Robert Huffman had any number of places he could have waited for Joe Hunter. He owned several buildings spread across the Midwest. There was an office in Dallas that gave him a view of Reunion Tower and was little more than a stone’s throw from the Texas School Book Depository, from where Lee Harvey Oswald purportedly fired the bullets that assassinated John F. Kennedy. His office was perched on the penthouse floor, on a level with the top of the nearby Hyatt, and on the days before the Dallas Stars moved to the American Airlines Center he could hear the cheering of the crowds from the nearby stadium.
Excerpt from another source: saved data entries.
lemma value_discontinuity_of_biased_info_sine_mode:
  assumes "conv (\<lambda>n. biased_info (sine_mode n)) (biased_info (\<lambda>_. 0))"
  shows "value_discontinuity conv"
proof -
  have "J cost (biased_info (sine_mode n)) (sine_mode n) (\<lambda>_. 0) = - 1 / 2" for n
    using J_biased_info_value[OF bias_profile_sine_mode] sine_mode_orthonormal[of n n]
    by (simp add: power2_eq_square)
  moreover have "J cost (biased_info (\<lambda>_. 0)) (\<lambda>_. 0) (\<lambda>_. 0) = 0"
    using J_biased_info_value[OF bias_profile_zero] by simp
  ultimately have values_diverge: "\<not> (\<lambda>n. J cost (biased_info (sine_mode n)) (sine_mode n) (\<lambda>_. 0))
      \<longlonglongrightarrow> J cost (biased_info (\<lambda>_. 0)) (\<lambda>_. 0) (\<lambda>_. 0)"
    by (simp add: LIMSEQ_const_iff)
  show ?thesis
    unfolding value_discontinuity_def
    by (rule exI[of _ cost], rule exI[of _ "{-1..1}"], rule exI[of _ "{0}"],
        rule exI[of _ "prior (biased_info (\<lambda>_. 0))"], rule exI[of _ "\<lambda>n. biased_info (sine_mode n)"],
        rule exI[of _ "biased_info (\<lambda>_. 0)"], rule exI[of _ sine_mode], rule exI[of _ "\<lambda>_ _. 0"],
        rule exI[of _ "\<lambda>_. 0"], rule exI[of _ "\<lambda>_. 0"])
      (intro conjI allI A2_cost A4_actions info_structure_biased_info prior_biased_info
        saddle_biased_info bias_profile_zero bias_profile_sine_mode refl assms values_diverge)
qed

theorem theorem3p1:
  shows "value_discontinuity weak_conv_info \<and> value_discontinuity setwise_conv"
  using value_discontinuity_of_biased_info_sine_mode weak_conv_info_biased_info_sine_mode
    setwise_conv_biased_info_sine_mode
  by blast

end
(* Each member of $\mathcal{G}_3$ is cycle-extendable.
   Context: A half biwheel is obtained from a path $P$ of even length (possibly a single vertex) with color classes $A,B$, whose ends $u,v$ lie in $A$, by adding a new vertex $h$ (the hub) adjacent to every vertex of $A$; $u,v$ are the corners (if $P$ is a single vertex the result is $K_2$ and $u=v$). $\mathcal{G}_3$ (hexagon half biwheels) consists of the graphs obtained from the disjoint union of a $6$-cycle $a_0a_1a_2a_3a_4a_5a_0$ and a half biwheel $H_1$ with hub $h_1$ and corners $u_1,v_1$ by adding the edges $h_1a_4$, $v_1a_1$, $a_3h_1$ and $a_0u_1$. A matching covered graph (connected, at least two vertices, every edge in a perfect matching) is cycle-extendable if for every even cycle $C$ the graph $G-V(C)$ has a perfect matching. *)

theory Defs
  imports Main
begin

definition simple_graph :: "'a set \<Rightarrow> 'a set set \<Rightarrow> bool" where
  "simple_graph V E \<longleftrightarrow> finite V \<and> (\<forall>e\<in>E. \<exists>x y. x \<noteq> y \<and> x \<in> V \<and> y \<in> V \<and> e = {x, y})"

definition perfect_matching :: "'a set \<Rightarrow> 'a set set \<Rightarrow> 'a set set \<Rightarrow> bool" where
  "perfect_matching V E M \<longleftrightarrow> M \<subseteq> E \<and> (\<forall>v\<in>V. \<exists>!e. e \<in> M \<and> v \<in> e)"

definition has_perfect_matching :: "'a set \<Rightarrow> 'a set set \<Rightarrow> bool" where
  "has_perfect_matching V E \<longleftrightarrow> (\<exists>M. perfect_matching V E M)"

definition graph_connected :: "'a set \<Rightarrow> 'a set set \<Rightarrow> bool" where
  "graph_connected V E \<longleftrightarrow>
     (\<forall>x\<in>V. \<forall>y\<in>V. (\<lambda>a b. {a, b} \<in> E)\<^sup>*\<^sup>* x y)"

definition matching_covered :: "'a set \<Rightarrow> 'a set set \<Rightarrow> bool" where
  "matching_covered V E \<longleftrightarrow> simple_graph V E \<and> graph_connected V E \<and> card V \<ge> 2 \<and>
     (\<forall>e\<in>E. \<exists>M. perfect_matching V E M \<and> e \<in> M)"

definition is_cycle :: "'a set \<Rightarrow> 'a set set \<Rightarrow> 'a list \<Rightarrow> bool" where
  "is_cycle V E cs \<longleftrightarrow> length cs \<ge> 3 \<and> distinct cs \<and> set cs \<subseteq> V \<and>
     (\<forall>i < length cs. {cs ! i, cs ! ((i + 1) mod length cs)} \<in> E)"

definition even_cycle :: "'a set \<Rightarrow> 'a set set \<Rightarrow> 'a list \<Rightarrow> bool" where
  "even_cycle V E cs \<longleftrightarrow> is_cycle V E cs \<and> even (length cs)"

definition del_verts_E :: "'a set set \<Rightarrow> 'a set \<Rightarrow> 'a set set" where
  "del_verts_E E S = {e \<in> E. e \<inter> S = {}}"

definition cycle_extendable :: "'a set \<Rightarrow> 'a set set \<Rightarrow> bool" where
  "cycle_extendable V E \<longleftrightarrow> matching_covered V E \<and>
     (\<forall>cs. even_cycle V E cs \<longrightarrow> has_perfect_matching (V - set cs) (del_verts_E E (set cs)))"

text \<open>The path P has vertices
  PV 0, ..., PV (2k), colour class A = even indices, corners u1 = PV 0, v1 = PV (2k),
  hub HB, hexagon a_i = CV i (i < 6).\<close>

datatype g3v = CV nat | PV nat | HB

definition g3_V :: "nat \<Rightarrow> g3v set" where
  "g3_V k = {CV i | i. i < 6} \<union> {PV j | j. j \<le> 2 * k} \<union> {HB}"

definition g3_E :: "nat \<Rightarrow> g3v set set" where
  "g3_E k =
     {{CV i, CV ((i + 1) mod 6)} | i. i < 6}
   \<union> {{PV j, PV (j + 1)} | j. j < 2 * k}
   \<union> {{HB, PV (2 * j)} | j. j \<le> k}
   \<union> {{HB, CV 4}, {PV (2 * k), CV 1}, {CV 3, HB}, {CV 0, PV 0}}"

definition in_G3 :: "'a set \<Rightarrow> 'a set set \<Rightarrow> bool" where
  "in_G3 V E \<longleftrightarrow> (\<exists>k f. bij_betw f (g3_V k) V \<and> E = (\<lambda>e. f ` e) ` g3_E k)"

end

theory Submission
  imports Defs
begin

text \<open>
  Colour the model properly except on the two edges \<open>HB\<close>--\<open>CV 4\<close>
  and \<open>PV (2k)\<close>--\<open>CV 1\<close>. A cycle crosses every vertex set an even number of times, so an even
  cycle uses both of these edges or neither, and likewise both or neither of \<open>CV 0\<close>--\<open>PV 0\<close> and
  \<open>CV 3\<close>--\<open>HB\<close>. Degree counting then shows that the cycle meets the path in an interval
  \<open>[lo, hi]\<close> with even ends and then passes through the hub, or misses path and hub altogether;
  and, since the triangle \<open>HB CV 3 CV 4\<close> is odd, the hexagon vertices off the cycle are none, all,
  or one of the pairs \<open>{4,5}, {5,0}, {2,3}, {1,2}\<close>. The remaining path vertices are matched in
  consecutive pairs (together with \<open>HB\<close>--\<open>PV 0\<close> if the cycle misses the path) and the remaining
  hexagon vertices by hexagon edges.
\<close>

section \<open>Cycles given by vertex lists\<close>

text \<open>Successor and predecessor modulo \<open>n\<close>, written without \<open>mod\<close> so that their properties need
  only a case split.\<close>

definition cyc_succ :: "nat \<Rightarrow> nat \<Rightarrow> nat" where
  "cyc_succ n i = (if Suc i = n then 0 else Suc i)"

definition cyc_pred :: "nat \<Rightarrow> nat \<Rightarrow> nat" where
  "cyc_pred n i = (if i = 0 then n - 1 else i - 1)"

lemma Suc_mod_eq_cyc_succ: "i < n \<Longrightarrow> Suc i mod n = cyc_succ n i"
  by (auto simp: cyc_succ_def)

lemma cyc_succ_less: "i < n \<Longrightarrow> cyc_succ n i < n"
  by (auto simp: cyc_succ_def)

lemma cyc_pred_less: "i < n \<Longrightarrow> cyc_pred n i < n"
  by (auto simp: cyc_pred_def)

lemma cyc_succ_pred: "i < n \<Longrightarrow> cyc_succ n (cyc_pred n i) = i"
  by (auto simp: cyc_succ_def cyc_pred_def)

lemma cyc_pred_succ: "i < n \<Longrightarrow> cyc_pred n (cyc_succ n i) = i"
  by (auto simp: cyc_succ_def cyc_pred_def)

lemma cyc_succ_succ_neq: "i < n \<Longrightarrow> 3 \<le> n \<Longrightarrow> cyc_succ n (cyc_succ n i) \<noteq> i"
  by (auto simp: cyc_succ_def)

lemma cyc_succ_neq_pred: "i < n \<Longrightarrow> 3 \<le> n \<Longrightarrow> cyc_succ n i \<noteq> cyc_pred n i"
  by (auto simp: cyc_succ_def cyc_pred_def)

lemma bij_betw_cyc_succ: "bij_betw (cyc_succ n) {..<n} {..<n}"
  by (rule bij_betw_byWitness[where f' = "cyc_pred n"])
    (auto simp: cyc_succ_less cyc_pred_less cyc_succ_pred cyc_pred_succ)

definition cycle_edges :: "'a list \<Rightarrow> 'a set set" where
  "cycle_edges cs = {{cs ! i, cs ! cyc_succ (length cs) i} | i. i < length cs}"

definition cut_edges :: "'a set \<Rightarrow> 'a set set \<Rightarrow> 'a set set" where
  "cut_edges X F = {e \<in> F. e \<inter> X \<noteq> {} \<and> e - X \<noteq> {}}"

lemma cycle_edges_subset: "is_cycle V E cs \<Longrightarrow> cycle_edges cs \<subseteq> E"
  unfolding is_cycle_def cycle_edges_def by (auto simp: Suc_mod_eq_cyc_succ)

lemma cycle_edge_in_set: "{v, z} \<in> cycle_edges cs \<Longrightarrow> v \<in> set cs"
  unfolding cycle_edges_def by (auto simp: doubleton_eq_iff cyc_succ_less)

lemma cycle_edge_index_inj:
  assumes "is_cycle V E cs" "i < length cs" "j < length cs"
    and "{cs ! i, cs ! cyc_succ (length cs) i} = {cs ! j, cs ! cyc_succ (length cs) j}"
  shows "i = j"
proof -
  let ?n = "length cs"
  have n3: "3 \<le> ?n" and d: "distinct cs" using assms(1) by (auto simp: is_cycle_def)
  from assms(4) consider "cs ! i = cs ! j"
    | "cs ! i = cs ! cyc_succ ?n j" "cs ! cyc_succ ?n i = cs ! j"
    by (auto simp: doubleton_eq_iff)
  then show ?thesis
  proof cases
    case 1
    then show ?thesis using nth_eq_iff_index_eq[OF d] assms(2,3) by auto
  next
    case 2
    then have "i = cyc_succ ?n j" "cyc_succ ?n i = j"
      using nth_eq_iff_index_eq[OF d] assms(2,3) cyc_succ_less by auto
    then show ?thesis using cyc_succ_succ_neq[OF assms(3) n3] by simp
  qed
qed

lemma card_cycle_edges_indices:
  assumes "is_cycle V E cs"
  shows "card {e \<in> cycle_edges cs. P e}
    = card {i. i < length cs \<and> P {cs ! i, cs ! cyc_succ (length cs) i}}"
proof -
  let ?edge = "\<lambda>i. {cs ! i, cs ! cyc_succ (length cs) i}"
  have "{e \<in> cycle_edges cs. P e} = ?edge ` {i. i < length cs \<and> P (?edge i)}"
    unfolding cycle_edges_def by auto
  moreover have "inj_on ?edge {i. i < length cs \<and> P (?edge i)}"
    using cycle_edge_index_inj[OF assms] by (auto intro: inj_onI)
  ultimately show ?thesis by (simp add: card_image)
qed

lemma card_cycle_edges: "is_cycle V E cs \<Longrightarrow> card (cycle_edges cs) = length cs"
  using card_cycle_edges_indices[where P = "\<lambda>_. True"] by simp

lemma cycle_degree_two:
  assumes "is_cycle V E cs" "v \<in> set cs"
  obtains x y where "x \<noteq> y" "{v, x} \<in> cycle_edges cs" "{v, y} \<in> cycle_edges cs"
    "\<And>z. {v, z} \<in> cycle_edges cs \<Longrightarrow> z = x \<or> z = y"
proof -
  let ?n = "length cs"
  have n3: "3 \<le> ?n" and d: "distinct cs" using assms(1) by (auto simp: is_cycle_def)
  obtain i where i: "i < ?n" "cs ! i = v" using assms(2) by (auto simp: in_set_conv_nth)
  let ?x = "cs ! cyc_succ ?n i" and ?y = "cs ! cyc_pred ?n i"
  have "?x \<noteq> ?y"
    using nth_eq_iff_index_eq[OF d] cyc_succ_less[OF i(1)] cyc_pred_less[OF i(1)]
      cyc_succ_neq_pred[OF i(1) n3] by auto
  moreover have "{v, ?x} \<in> cycle_edges cs" unfolding cycle_edges_def using i by auto
  moreover have "{v, ?y} \<in> cycle_edges cs"
    unfolding cycle_edges_def using i cyc_pred_less[OF i(1)] cyc_succ_pred[OF i(1)]
    by (auto intro!: exI[of _ "cyc_pred ?n i"] simp: insert_commute)
  moreover have "z = ?x \<or> z = ?y" if "{v, z} \<in> cycle_edges cs" for z
  proof -
    from that obtain j where j: "j < ?n" "{v, z} = {cs ! j, cs ! cyc_succ ?n j}"
      unfolding cycle_edges_def by blast
    then consider "v = cs ! j" "z = cs ! cyc_succ ?n j" | "v = cs ! cyc_succ ?n j" "z = cs ! j"
      by (auto simp: doubleton_eq_iff)
    then show ?thesis
    proof cases
      case 1
      then show ?thesis using nth_eq_iff_index_eq[OF d] i j(1) by auto
    next
      case 2
      then have "cyc_succ ?n j = i"
        using nth_eq_iff_index_eq[OF d] i j(1) cyc_succ_less[OF j(1)] by auto
      then show ?thesis using 2 cyc_pred_succ[OF j(1)] by auto
    qed
  qed
  ultimately show ?thesis using that by blast
qed

lemma cycle_leaves_set:
  assumes "is_cycle V E cs" "a \<in> set cs" "a \<in> X" "b \<in> set cs" "b \<notin> X"
  obtains i where "i < length cs" "cs ! i \<in> X" "cs ! cyc_succ (length cs) i \<notin> X"
proof -
  let ?n = "length cs"
  obtain ia where ia: "ia < ?n" "cs ! ia = a" using assms(2) by (auto simp: in_set_conv_nth)
  obtain ib where ib: "ib < ?n" "cs ! ib = b" using assms(4) by (auto simp: in_set_conv_nth)
  have "\<exists>i < ?n. cs ! i \<in> X \<and> cs ! cyc_succ ?n i \<notin> X"
  proof (rule ccontr)
    assume "\<not> ?thesis"
    then have stay: "cs ! cyc_succ ?n i \<in> X" if "i < ?n" "cs ! i \<in> X" for i
      using that by blast
    have "cs ! ((ia + m) mod ?n) \<in> X" for m
    proof (induction m)
      case 0
      then show ?case using ia assms(3) by simp
    next
      case (Suc m)
      have lt: "(ia + m) mod ?n < ?n" by (rule mod_less_divisor) (use ia in auto)
      have "(ia + Suc m) mod ?n = cyc_succ ?n ((ia + m) mod ?n)"
        by (simp add: mod_Suc_eq Suc_mod_eq_cyc_succ[OF lt, symmetric])
      then show ?case using stay[OF lt Suc.IH] by simp
    qed
    from this[of "ib + ?n - ia"] show False using ia ib assms(5) by simp
  qed
  then show ?thesis using that by blast
qed

lemma cycle_crosses_twice:
  assumes "is_cycle V E cs" "a \<in> set cs" "a \<in> X" "b \<in> set cs" "b \<notin> X"
  obtains u1 w1 u2 w2 where "{u1, w1} \<in> cycle_edges cs" "{u2, w2} \<in> cycle_edges cs"
    "u1 \<in> X" "u2 \<in> X" "w1 \<notin> X" "w2 \<notin> X" "{u1, w1} \<noteq> {u2, w2}"
proof -
  let ?n = "length cs"
  obtain i where i: "i < ?n" "cs ! i \<in> X" "cs ! cyc_succ ?n i \<notin> X"
    using cycle_leaves_set[OF assms] by blast
  obtain j where j: "j < ?n" "cs ! j \<notin> X" "cs ! cyc_succ ?n j \<in> X"
    using cycle_leaves_set[OF assms(1,4) _ assms(2), of "- X"] assms(3,5) by auto
  have "{cs ! i, cs ! cyc_succ ?n i} \<noteq> {cs ! j, cs ! cyc_succ ?n j}"
    using cycle_edge_index_inj[OF assms(1) i(1) j(1)] i j by auto
  moreover have "{cs ! i, cs ! cyc_succ ?n i} \<in> cycle_edges cs"
    "{cs ! cyc_succ ?n j, cs ! j} \<in> cycle_edges cs"
    using i(1) j(1) unfolding cycle_edges_def by (auto simp: insert_commute)
  ultimately show ?thesis using that i j by blast
qed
But he chose to remain at Quicksilver Ranch because it was the most remote of his properties. Twice now in the past twenty-four hours the sounds of gunfire and exploding vehicles had not raised the interest of the police, and he was counting on the third time being no different. He wanted his war with Hunter to be waged with no outside interference. That wouldn’t be the case if they went at it in downtown Dallas.
He waited for Hunter to come to him.
Some of his men were ranged in a skirmish line protecting the approach to the ranch house. They had been out there for hours now. Larry Bolan was somewhere inside preparing himself for Hunter’s arrival. He’d allowed Bolan this latitude in order to keep the big man from exploding too soon. His need for revenge on Joe Hunter was like a slowly burning fuse of indeterminate length. Huffman didn’t want Bolan’s rage let loose until Hunter was no longer a threat. If he had been out there now, the likelihood was that he’d murder Grade and the others in order to ensure he was the only one to get an opportunity to kill Hunter.
He asked himself why he had allowed Bolan to live. His remark that Bolan had always been his favourite was as false as his jovial demeanour. Bolan meant nothing to him other than as a handy tool when it came to doling out violence. But he had become a defective tool. Bolan had murdered six of Huffman’s people in his attempt to gain revenge on his brother’s killer. He didn’t doubt that Bolan would try to kill him if he was perceived as a threat to completing the mission.
Bolan had agreed to give Huffman the glory of killing Hunter, but Huffman didn’t believe him. Bolan would want his own legend. He’d sworn to his dead brother, Trent, that he would avenge him. Unless he shouted Hunter’s defeat loud and clear, how would Trent hear him all the way from the afterlife?
Bolan would have to die.
There was nothing else for it.
But not yet. Defective tool that he was, Bolan was still useful. Even a blunt hammer could knock a nail into wood. Once Hunter was dead Larry Bolan would follow him. He could personally tell his wall-eyed, crazy brother all the details when he joined him in hell. He could tell Trent that Robert Huffman, Quicksilver, was the top dog, and he could show his slit throat as proof.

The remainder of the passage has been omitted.